I think I mentioned in one of my previous blogs that I have been having insomnia problems. I have even consulted a sleep specialist. Imagine my surprise when I walked out of her office with a prescription for a book called Say Good Night to Insomnia; The Six-Week, Drug-Free Program  by Gregg D. Jacobs.

I’ve learned some really interesting things. Sleeping pills only work for a short duration of time. The body acclimates to the drug and after-a-while, it stops working. We think it continues to work because of the placebo effect, i.e. we believe it works therefore it does.  I have also found out that most insomniacs are getting a lot more sleep than they believe they are. I had to track my sleep amount for a week and I was surprised to see that in spite of my ups and downs at night, I was still averaging 6 ½ to 7 hours of sleep a night. I found out you need less sleep total as you get older and that one of the reasons people fall asleep during the day is to get more of the deep sleep that we need. The sleep cycle is not one cycle at night but several sleep cycles that repeat during the night.
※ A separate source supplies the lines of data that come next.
lemma Abel_solution_of_RL_complement:
  fixes g F :: "real \<Rightarrow> real"
  assumes "a < b" and F: "continuous_on {a..b} F" and g: "continuous_on {a..b} g" "g a = 0"
    and "0 < n" "n < 1"
    and complement: "\<And>x. x \<in> {a..b} \<Longrightarrow> RL a (1 - n) F x = integral {a..x} g" and x: "x \<in> {a..b}"
  shows "RL a n g x = F x"
proof (rule continuous_on_eq_if_integrals_eq[OF \<open>a < b\<close> _ F _ x])
  show "continuous_on {a..b} (RL a n g)"
    using \<open>a < b\<close> \<open>0 < n\<close> g by (intro continuous_on_RL) auto
  fix y assume y: "y \<in> {a..b}"
  have sub: "{a..y} \<subseteq> {a..b}" using y by auto
  have "integral {a..y} (RL a n g) = RL a n (prim a g) y"
    using y prim_RL_commute[OF absolutely_integrable_continuous_real[OF continuous_on_subset[OF g(1) sub]]]
      \<open>0 < n\<close> by (simp add: prim_def)
  also have "\<dots> = RL a n (RL a (1 - n) F) y"
    using sub complement by (intro RL_cong) (auto simp: prim_def)
  also have "\<dots> = RL a 1 F y"
    using RL_semigroup[OF absolutely_integrable_continuous_real[OF continuous_on_subset[OF F sub]], of n "1 - n"]
      \<open>0 < n\<close> \<open>n < 1\<close> by simp
  also have "\<dots> = integral {a..y} F"
    using y by (simp add: RL_one)
  finally show "integral {a..y} (RL a n g) = integral {a..y} F" .
qed

theorem theorem5p1:
  fixes a b n :: real and F :: "real \<Rightarrow> real"
  assumes "a < b" and "0 < n" and "n < 1" and "F \<in> C0 a b"
  shows "(\<exists>\<Phi>\<in>C0 a b. \<forall>x\<in>{a..b}. HKJ a b n \<Phi> x = F x) \<longleftrightarrow>
         (\<exists>g. continuous_on {a..b} g \<and> g a = 0 \<and>
              (\<forall>x\<in>{a..b}. HKJ a b (1 - n) F x = integral {a..x} g))"
proof -
  have HKJ_RL: "HKJ a b m G x = RL a m G x" if "0 < m" "G \<in> C0 a b" "x \<in> {a..b}" for m G x
    using HKJ_eq[OF less_imp_le[OF \<open>a < b\<close>] that(1,2)] that(3) by simp
  have F: "continuous_on {a..b} F" using assms(4) by (simp add: C0_def)
  show ?thesis
  proof
    assume "\<exists>\<Phi>\<in>C0 a b. \<forall>x\<in>{a..b}. HKJ a b n \<Phi> x = F x"
    then obtain \<Phi> where "\<Phi> \<in> C0 a b" "\<And>x. x \<in> {a..b} \<Longrightarrow> RL a n \<Phi> x = F x"
      using HKJ_RL[OF \<open>0 < n\<close>] by metis
    then show "\<exists>g. continuous_on {a..b} g \<and> g a = 0 \<and>
        (\<forall>x\<in>{a..b}. HKJ a b (1 - n) F x = integral {a..x} g)"
      using RL_complement_of_Abel_solution assms HKJ_RL[of "1 - n" F] by (auto simp: C0_def)
  next
    assume "\<exists>g. continuous_on {a..b} g \<and> g a = 0 \<and>
        (\<forall>x\<in>{a..b}. HKJ a b (1 - n) F x = integral {a..x} g)"
    then obtain g where g: "continuous_on {a..b} g" "g a = 0"
      and "\<And>x. x \<in> {a..b} \<Longrightarrow> RL a (1 - n) F x = integral {a..x} g"
      using HKJ_RL[of "1 - n" F] assms by auto
    then have "\<And>x. x \<in> {a..b} \<Longrightarrow> RL a n g x = F x"
      using Abel_solution_of_RL_complement[OF \<open>a < b\<close> F g] assms(2,3) by blast
    then show "\<exists>\<Phi>\<in>C0 a b. \<forall>x\<in>{a..b}. HKJ a b n \<Phi> x = F x"
      using g HKJ_RL[OF \<open>0 < n\<close>] by (auto simp: C0_def)
  qed
qed

end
What I want to report to you today is the real effects of sleep loss and that needing at least eight hours of sleep per night is not necessary. Regardless of what is reported in the media, there is no consistent scientific evidence that insomnia causes significant health problems. Many sleep researchers believe that we have a remarkable tolerance for temporary sleep loss. There seems to be no adverse effects on daytime performance after a poor night’s sleep. However, this does not carry over for monotonous or sedentary tasks such as driving or paying attention at conferences or meetings. In fact, a recent study showed that many car accidents are due to the driver falling asleep at the wheel.  But it is felt that sleeplessness may have little effect on us other than making us feel very sleepy. Sleep loss does not invariably produce serious consequences. According to this book, there is considerable evidence suggesting that, for most individuals, performance on alertness, memory, and problem-solving tasks can be maintained for extended periods of time with about 70 % of normal sleep or about five and a half hours for an eight-hour sleeper.

I would really like to recommend this book to all of you problem sleepers. The information presented is very different from what we believe about sleep problems and just knowing that is helping me sleep better.